The coefficient for Health is 0.02479, which means that for every 1% increase in the share of government spending on healthcare, life expectancy increases by about 0.025 years. This variable is statistically significant.
The Internet variable has a coefficient of 0.1903, meaning that a 1% increase in internet access is associated with an increase of about 0.19 years in life expectancy.
GDP is no longer statistically significant in this model (p = 0.302). This could suggest that adding Health and Internet makes GDP less meaningful.
The Adjusted R-squared value is 0.7164, which means that about 72% of the variation in life expectancy across countries is explained by this model.
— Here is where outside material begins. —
(* Let $X=\{a_1,\dots,a_\ell\}$ be a finite set of $\ell$ distinct points, let $N\ge 2$, let $c_N: X^N\to\mathbb{R}\cup\{+\infty\}$ be an arbitrary cost function, and let $\lambda_*\in\mathcal{P}(X)$. (a) The Kantorovich problem $$\text{minimize } C[\gamma]=\int_{X^N} c_N(x_1,\dots,x_N)\,d\gamma(x_1,\dots,x_N)\ \text{ over }\gamma\in\mathcal{P}_{sym}(X^N)\text{ subject to } M_1\gamma=\lambda_*$$ admits a minimizer which is an SAE state with marginal $\lambda_*$. Moreover, when $c_N$ is symmetric (i.e. invariant under permutations of its $N$ arguments), this SAE state also minimizes $C[\gamma]$ over all $\gamma\in\mathcal{P}(X^N)$ all of whose one-point marginals equal $\lambda_*$. (b) If in addition $c_N(x_1,\dots,x_N)=\sum_{1\le i<j\le N}c(x_i,x_j)$ for some $c:X\times X\to\mathbb{R}\cup\{+\infty\}$, then the minimum value of the Kantorovich problem in (a) equals the minimum of $$I[\alpha,\lambda^{(1)},\dots,\lambda^{(\ell)}]=\sum_{\nu=1}^\ell \alpha^{(\nu)}\Big(\tfrac{N^2}{2}\int_{X\times X}c(x,y)\,d\lambda^{(\nu)}(x)\,d\lambda^{(\nu)}(y)-\tfrac N2\int_X c(x,x)\,d\lambda^{(\nu)}(x)\Big)$$ over $\alpha=(\alpha^{(1)},\dots,\alpha^{(\ell)})\in\mathbb{R}^\ell$ and $\lambda^{(1)},\dots,\lambda^{(\ell)}\in\mathcal{P}_{\frac1N}(X)$ subject to $\alpha^{(\nu)}\ge 0$ for all $\nu$ and $\sum_{\nu=1}^\ell\alpha^{(\nu)}\lambda^{(\nu)}=\lambda_*$. Moreover, if $(\alpha,\lambda^{(1)},\dots,\lambda^{(\ell)})$ is any minimizer of this reduced problem, then $\gamma=\sum_{\nu=1}^\ell\alpha^{(\nu)}\psi_N(\lambda^{(\nu)})$ is a minimizer of the Kantorovich problem in (a).
   Context: $\mathcal{P}(X)$ denotes the probability measures on $X$ (identified with vectors $(\lambda_1,\dots,\lambda_\ell)$, $\lambda_i=\lambda(\{a_i\})$), and $\delta_i$ the Dirac measure at $a_i$. The symmetrization operator $S$ on measures on $X^N$ is $(S\gamma)(A_1\times\cdots\times A_N)=\frac1{N!}\sum_{\sigma\in S_N}\gamma(A_{\sigma(1)}\times\cdots\times A_{\sigma(N)})$; $\mathcal{P}_{sym}(X^N)$ is the set of probability measures $\gamma$ on $X^N$ with $S\gamma=\gamma$. For $\gamma\in\mathcal{P}(X^N)$, $M_1\gamma$ is its first one-point marginal, $(M_1\gamma)(A)=\gamma(A\times X^{N-1})$. $\mathcal{P}_{\frac1N}(X)=\{\lambda\in\mathcal{P}(X):\lambda_i\in\frac1N\mathbb{Z}\ \forall i\}$. For $\lambda\in\mathcal{P}_{\frac1N}(X)$, $\psi_N(\lambda)=S(\delta_{a_{i_1}}\otimes\cdots\otimes\delta_{a_{i_N}})$ where $i_1\le\dots\le i_N$ is the unique nondecreasing index sequence in which each index $i$ appears exactly $N\lambda_i$ times. An SAE state with marginal $\lambda_*$ is a probability measure on $X^N$ of the form $\gamma=\sum_{\nu=1}^\ell\alpha^{(\nu)}S(\delta_{T_1(a_\nu)}\otimes\cdots\otimes\delta_{T_N(a_\nu)})$ for some maps $T_1,\dots,T_N:X\to X$ and weights $\alpha^{(\nu)}\ge 0$ such that $\sum_{\nu=1}^\ell\alpha^{(\nu)}\lambda^{(\nu)}=\lambda_*$, where $\lambda^{(\nu)}=\frac1N\sum_{k=1}^N\delta_{T_k(a_\nu)}$. *)

theory Defs
  imports "HOL-Analysis.Analysis" "HOL-Library.Extended_Real" "HOL-Combinatorics.Permutations"
begin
# diagnostic plots for assumptions
par(mfrow=c(2,2))
plot(lrModel1)
par(mfrow=c(1,1))
Interpretation:
Overall: Assumptions are mostly met, with weak breaks of linearity, normality, and constant variance.
# residuals vs. order
plot(resid(lrModel1), type = "b",
main = "Residuals vs Observation Order",
ylab = "Residuals")
abline(h = 0, lty = 2)
Interpretation:
Conclusion: The independence assumption seems reasonable in this model.
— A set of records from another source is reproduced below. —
lemma bilinear_form_entry_bound:
  fixes A :: "real^'n::finite^'m::finite"
  assumes "\<And>i j. \<bar>A$i$j\<bar> \<le> B"
  shows "\<bar>z \<bullet> (A *v w)\<bar> \<le> real CARD('m) * real CARD('n) * B * norm z * norm w"
proof -
  have "\<bar>z \<bullet> (A *v w)\<bar> \<le> norm z * norm (A *v w)" by (rule Cauchy_Schwarz_ineq2)
  also have "norm (A *v w) \<le> onorm ((*v) A) * norm w"
    by (rule onorm) simp
  also have "onorm ((*v) A) \<le> real CARD('m) * real CARD('n) * B"
    by (rule onorm_le_matrix_component) (rule assms)
  finally show ?thesis
    by (simp add: mult_ac mult_left_mono mult_right_mono)
qed

section \<open>Inverses of positive definite matrices indexed by a finite set\<close>

definition is_inv_on :: "'a set \<Rightarrow> ('a \<Rightarrow> 'a \<Rightarrow> real) \<Rightarrow> ('a \<Rightarrow> 'a \<Rightarrow> real) \<Rightarrow> bool" where
  "is_inv_on S A B \<longleftrightarrow> (\<forall>i j. (i \<notin> S \<or> j \<notin> S) \<longrightarrow> B i j = 0)
      \<and> (\<forall>i\<in>S. \<forall>j\<in>S. (\<Sum>k\<in>S. A i k * B k j) = (if i = j then 1 else 0))"

definition pd_on :: "'a set \<Rightarrow> ('a \<Rightarrow> 'a \<Rightarrow> real) \<Rightarrow> bool" where
  "pd_on S A \<longleftrightarrow> (\<forall>c. (\<exists>a\<in>S. c a \<noteq> 0) \<longrightarrow> (\<Sum>a\<in>S. \<Sum>b\<in>S. c a * A a b * c b) > 0)"

text \<open>To invert a matrix indexed by a finite set \<open>S\<close>, we transport it along an injection
  \<open>\<iota> : S \<rightarrow> 'n\<close> and complete it by the identity to an \<open>'n \<times> 'n\<close> matrix.\<close>
definition embed_matrix :: "'a set \<Rightarrow> ('a \<Rightarrow> 'n::finite) \<Rightarrow> ('a \<Rightarrow> 'a \<Rightarrow> real) \<Rightarrow> real^'n^'n" where
  "embed_matrix S \<iota> A = (\<chi> p q. if p \<in> \<iota> ` S \<and> q \<in> \<iota> ` S
      then A (the_inv_into S \<iota> p) (the_inv_into S \<iota> q) else if p = q then 1 else 0)"

lemma embed_matrix_entry:
  "inj_on \<iota> S \<Longrightarrow> a \<in> S \<Longrightarrow> b \<in> S \<Longrightarrow> embed_matrix S \<iota> A $ \<iota> a $ \<iota> b = A a b"
  by (simp add: embed_matrix_def the_inv_into_f_f)

lemma embed_matrix_quadratic_form:
  fixes \<iota> :: "'a \<Rightarrow> 'n::finite"
  assumes \<iota>: "inj_on \<iota> S"
  shows "z \<bullet> (embed_matrix S \<iota> A *v z)
      = (\<Sum>a\<in>S. \<Sum>b\<in>S. z$(\<iota> a) * A a b * z$(\<iota> b)) + (\<Sum>p\<in>-(\<iota> ` S). (z$p)^2)"
proof -
  let ?M = "embed_matrix S \<iota> A" and ?T = "\<iota> ` S"
  have row_T: "(\<Sum>q\<in>UNIV. z$p * ?M$p$q * z$q) = (\<Sum>q\<in>?T. z$p * ?M$p$q * z$q)" if "p \<in> ?T" for p
    by (rule sum.mono_neutral_right) (use that in \<open>auto simp: embed_matrix_def\<close>)
  have row_nT: "(\<Sum>q\<in>UNIV. z$p * ?M$p$q * z$q) = (z$p)^2" if "p \<in> -?T" for p
  proof -
    have "(\<Sum>q\<in>UNIV. z$p * ?M$p$q * z$q) = (\<Sum>q\<in>UNIV. if q = p then z$p * z$p else 0)"
      by (rule sum.cong) (use that in \<open>auto simp: embed_matrix_def\<close>)
    then show ?thesis by (simp add: power2_eq_square)
  qed
  have "z \<bullet> (?M *v z) = (\<Sum>p\<in>UNIV. \<Sum>q\<in>UNIV. z$p * ?M$p$q * z$q)"
    by (simp add: inner_vec_def matrix_vector_mult_def sum_distrib_left mult_ac)
  also have "\<dots> = (\<Sum>p\<in>?T. \<Sum>q\<in>UNIV. z$p * ?M$p$q * z$q) + (\<Sum>p\<in>-?T. \<Sum>q\<in>UNIV. z$p * ?M$p$q * z$q)"
    using sum.subset_diff[of ?T UNIV] by (simp add: Compl_eq_Diff_UNIV add.commute)
  also have "\<dots> = (\<Sum>p\<in>?T. \<Sum>q\<in>?T. z$p * ?M$p$q * z$q) + (\<Sum>p\<in>-?T. (z$p)^2)"
    using row_T row_nT by simp
  also have "(\<Sum>p\<in>?T. \<Sum>q\<in>?T. z$p * ?M$p$q * z$q) = (\<Sum>a\<in>S. \<Sum>b\<in>S. z$(\<iota> a) * A a b * z$(\<iota> b))"
    using \<iota> by (simp add: sum.reindex embed_matrix_entry)
  finally show ?thesis .
qed

text \<open>If \<open>A\<close> is positive definite on \<open>S\<close>, so is the completed matrix; in particular it is injective.\<close>
lemma embed_matrix_injective:
  fixes \<iota> :: "'a \<Rightarrow> 'n::finite"
  assumes \<iota>: "inj_on \<iota> S" and pd: "pd_on S A"
  shows "inj ((*v) (embed_matrix S \<iota> A))"
proof (rule injI)
  fix x y assume "embed_matrix S \<iota> A *v x = embed_matrix S \<iota> A *v y"
  then have "embed_matrix S \<iota> A *v (x - y) = 0" by (simp add: matrix_vector_mult_diff_distrib)
  then have Q0: "(\<Sum>a\<in>S. \<Sum>b\<in>S. (x - y)$(\<iota> a) * A a b * (x - y)$(\<iota> b)) + (\<Sum>p\<in>-(\<iota> ` S). ((x - y)$p)^2) = 0"
    using embed_matrix_quadratic_form[OF \<iota>, of "x - y" A] by simp
  have squares: "(\<Sum>p\<in>-(\<iota> ` S). ((x - y)$p)^2) \<ge> 0" by (intro sum_nonneg) auto
  have on_S: "\<forall>a\<in>S. (x - y)$(\<iota> a) = 0"
  proof (rule ccontr)
    assume "\<not> (\<forall>a\<in>S. (x - y)$(\<iota> a) = 0)"
    then have "(\<Sum>a\<in>S. \<Sum>b\<in>S. (x - y)$(\<iota> a) * A a b * (x - y)$(\<iota> b)) > 0"
      using pd unfolding pd_on_def by (elim allE[of _ "\<lambda>a. (x - y)$(\<iota> a)"]) blast
    with Q0 squares show False by linarith
  qed
  then have "(\<Sum>p\<in>-(\<iota> ` S). ((x - y)$p)^2) = 0" using Q0 by simp
  then have "\<forall>p\<in>-(\<iota> ` S). (x - y)$p = 0" by (subst (asm) sum_nonneg_eq_0_iff) auto
  with on_S have "\<forall>p. (x - y)$p = 0" by blast
  then show "x = y" by (simp add: vec_eq_iff)
qed

text \<open>Existence of the inverse on \<open>S\<close>, read off from the inverse of the completed matrix.\<close>
lemma pd_on_inverse_exists:
  fixes A :: "'a \<Rightarrow> 'a \<Rightarrow> real"
  assumes fin: "finite S" and card: "card S \<le> CARD('n::finite)" and pd: "pd_on S A"
  shows "\<exists>B. is_inv_on S A B"
proof -
  obtain \<iota> :: "'a \<Rightarrow> 'n" where \<iota>: "inj_on \<iota> S"
    using card_le_inj[of S "UNIV::'n set"] fin card by auto
  define M where "M = embed_matrix S \<iota> A"
  obtain B0 where "B0 ** M = mat 1"
    using matrix_left_invertible_injective embed_matrix_injective[OF \<iota> pd] unfolding M_def by blast
  then have MB: "M ** B0 = mat 1" using matrix_left_right_inverse by blast
  define B where "B = (\<lambda>a b. if a \<in> S \<and> b \<in> S then B0 $ (\<iota> a) $ (\<iota> b) else 0)"
  have outside: "\<forall>i j. (i \<notin> S \<or> j \<notin> S) \<longrightarrow> B i j = 0" by (simp add: B_def)
  have inverse: "(\<Sum>k\<in>S. A i k * B k j) = (if i = j then 1 else 0)" if i: "i \<in> S" and j: "j \<in> S" for i j
  proof -
    have "(\<Sum>k\<in>S. A i k * B k j) = (\<Sum>k\<in>S. M $ (\<iota> i) $ (\<iota> k) * B0 $ (\<iota> k) $ (\<iota> j))"
      by (rule sum.cong) (simp_all add: B_def M_def embed_matrix_entry[OF \<iota>] i j)
    also have "\<dots> = (\<Sum>q\<in>\<iota> ` S. M $ (\<iota> i) $ q * B0 $ q $ (\<iota> j))"
      using \<iota> by (simp add: sum.reindex)
    also have "\<dots> = (M ** B0) $ (\<iota> i) $ (\<iota> j)"
      by (subst sum.mono_neutral_left[of UNIV "\<iota> ` S"]) (auto simp: M_def embed_matrix_def i matrix_matrix_mult_def)
    also have "\<dots> = (if i = j then 1 else 0)" using MB \<iota> i j by (simp add: mat_def inj_on_eq_iff)
    finally show ?thesis .
  qed
  show ?thesis unfolding is_inv_on_def using outside inverse by blast
qed

lemma inv_on_is_inv_on:
  fixes A :: "'a \<Rightarrow> 'a \<Rightarrow> real"
  assumes fin: "finite S" and card: "card S \<le> CARD('n::finite)" and pd: "pd_on S A"
  shows "is_inv_on S A (inv_on S A)"
proof -
  have unique: "B2 = B" if B: "is_inv_on S A B" and B2: "is_inv_on S A B2" for B B2
  proof (intro ext)
    fix i j
    show "B2 i j = B i j"
    proof (cases "i \<in> S \<and> j \<in> S")
      case False then show ?thesis using B B2 by (auto simp: is_inv_on_def)
    next
      case True
      define c where "c k = B2 k j - B k j" for k
      have "(\<Sum>b\<in>S. A a b * c b) = 0" if "a \<in> S" for a
        using B B2 True that by (simp add: is_inv_on_def c_def right_diff_distrib sum_subtractf)
      then have "(\<Sum>a\<in>S. \<Sum>b\<in>S. c a * A a b * c b) = 0"
        by (simp add: mult.assoc flip: sum_distrib_left)
      then have "\<forall>a\<in>S. c a = 0" using pd unfolding pd_on_def by force
      then show ?thesis using True by (simp add: c_def)
    qed
  qed
  have "\<exists>!B. is_inv_on S A B"
    using pd_on_inverse_exists[OF fin card pd] unique by blast
  then show ?thesis
    unfolding inv_on_def is_inv_on_def[abs_def] by (rule theI')
qed

section \<open>The matrices \<open>P\<close>, \<open>Q\<close>, \<open>R\<close> for a fixed Hessian and active set\<close>

text \<open>The definitions of \<open>Ginv\<close>, \<open>Pmat\<close>, \<open>Qmat\<close> evaluate \<open>H = d\<^sup>2f(x)\<close> and the active set
  \<open>\<Z>\<close> at the same point \<open>x\<close>.  We separate the two: \<open>S\<close> is a finite index set and \<open>U a\<close> the
  row of \<open>U\<^sub>\<Z>\<close> with index \<open>a \<in> S\<close>.\<close>
definition gram_inv :: "real^'n::finite^'n \<Rightarrow> 'a set \<Rightarrow> ('a \<Rightarrow> real^'n) \<Rightarrow> 'a \<Rightarrow> 'a \<Rightarrow> real" where
  "gram_inv H S U = inv_on S (\<lambda>a b. (U a v* matrix_inv H) \<bullet> U b)"

definition proj_P :: "real^'n::finite^'n \<Rightarrow> 'a set \<Rightarrow> ('a \<Rightarrow> real^'n) \<Rightarrow> 'n \<Rightarrow> 'n \<Rightarrow> real" where
  "proj_P H S U = (\<lambda>i j. matrix_inv H $ i $ j - (\<Sum>a\<in>S. \<Sum>b\<in>S.
      (matrix_inv H *v U a) $ i * gram_inv H S U a b * (U b v* matrix_inv H) $ j))"

definition proj_Q :: "real^'n::finite^'n \<Rightarrow> 'a set \<Rightarrow> ('a \<Rightarrow> real^'n) \<Rightarrow> 'n \<Rightarrow> 'a \<Rightarrow> real" where
  "proj_Q H S U = (\<lambda>i a. \<Sum>b\<in>S. (matrix_inv H *v U b) $ i * gram_inv H S U b a)"

definition null_rows :: "'a set \<Rightarrow> ('a \<Rightarrow> real^'n::finite) \<Rightarrow> (real^'n) set" where
  "null_rows S U = {z. \<forall>a\<in>S. U a \<bullet> z = 0}"

lemma subspace_null_rows: "subspace (null_rows S U)"
  unfolding subspace_def null_rows_def by (simp add: inner_add_right)

lemma matrix_vector_mult_sum: "(A::real^'n::finite^'m::finite) *v (\<Sum>i\<in>S. f i) = (\<Sum>i\<in>S. A *v f i)"
  using linear_sum[OF matrix_vector_mul_linear[of A]] by simp

lemma sum_bilinear_form: "(\<Sum>k\<in>UNIV. \<Sum>l\<in>UNIV. p $ k * (A::real^'n::finite^'n) $ k $ l * q $ l) = p \<bullet> (A *v q)"
  by (simp add: inner_vec_def matrix_vector_mult_def sum_distrib_left mult_ac)

locale active_system =
  fixes H :: "real^'n::finite^'n" and S :: "'a set" and U :: "'a \<Rightarrow> real^'n"
  assumes sym_H: "transpose H = H"
    and pd_H: "\<forall>z. z \<noteq> 0 \<longrightarrow> z \<bullet> (H *v z) > 0"
    and finite_S: "finite S" and inj_U: "inj_on U S" and independent_U: "independent (U ` S)"
begin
# calculate the residuals for multiple model
residuals_lrModel2 <- resid(lrModel2)
# compute the RMSE
rmse_lrModel2 <- sqrt(mean(residuals_lrModel2^2))
rmse_lrModel2
## [1] 4.056417
Interpretation:
The RMSE (Root Mean Squared Error) for the multiple regression model is ~4.06. This means that on average, the model’s predicted life expectancy values deviate from the actual values by about 4 years.
This gives an estimate of the model’s prediction error. Seeing very large residuals for some countries (especially those with outliers) could lower our confidence in the model. Those points may be important to look at in order to understand if there are unique factors that the model does not show.
If there is a high correlation between energy and electricity, multicollinearity would be present in the regression model. This means the two predictors have overlapping information, which makes it difficult to isolate the variables and see how much of a unique effect each variable has on CO2 emissions. Multicollinearity can cause unstable coefficient estimates, as small changes in data can lead to large shifts in the slope values. It can also inflate standard errors, which can lead to falsely-insignificant p-values. Finally, it would make in generally more difficult to interpret whether energy or electricity contains the real effect on emissions. To improve this model, we could drop one of the correlated predictors, or combine them into one variable.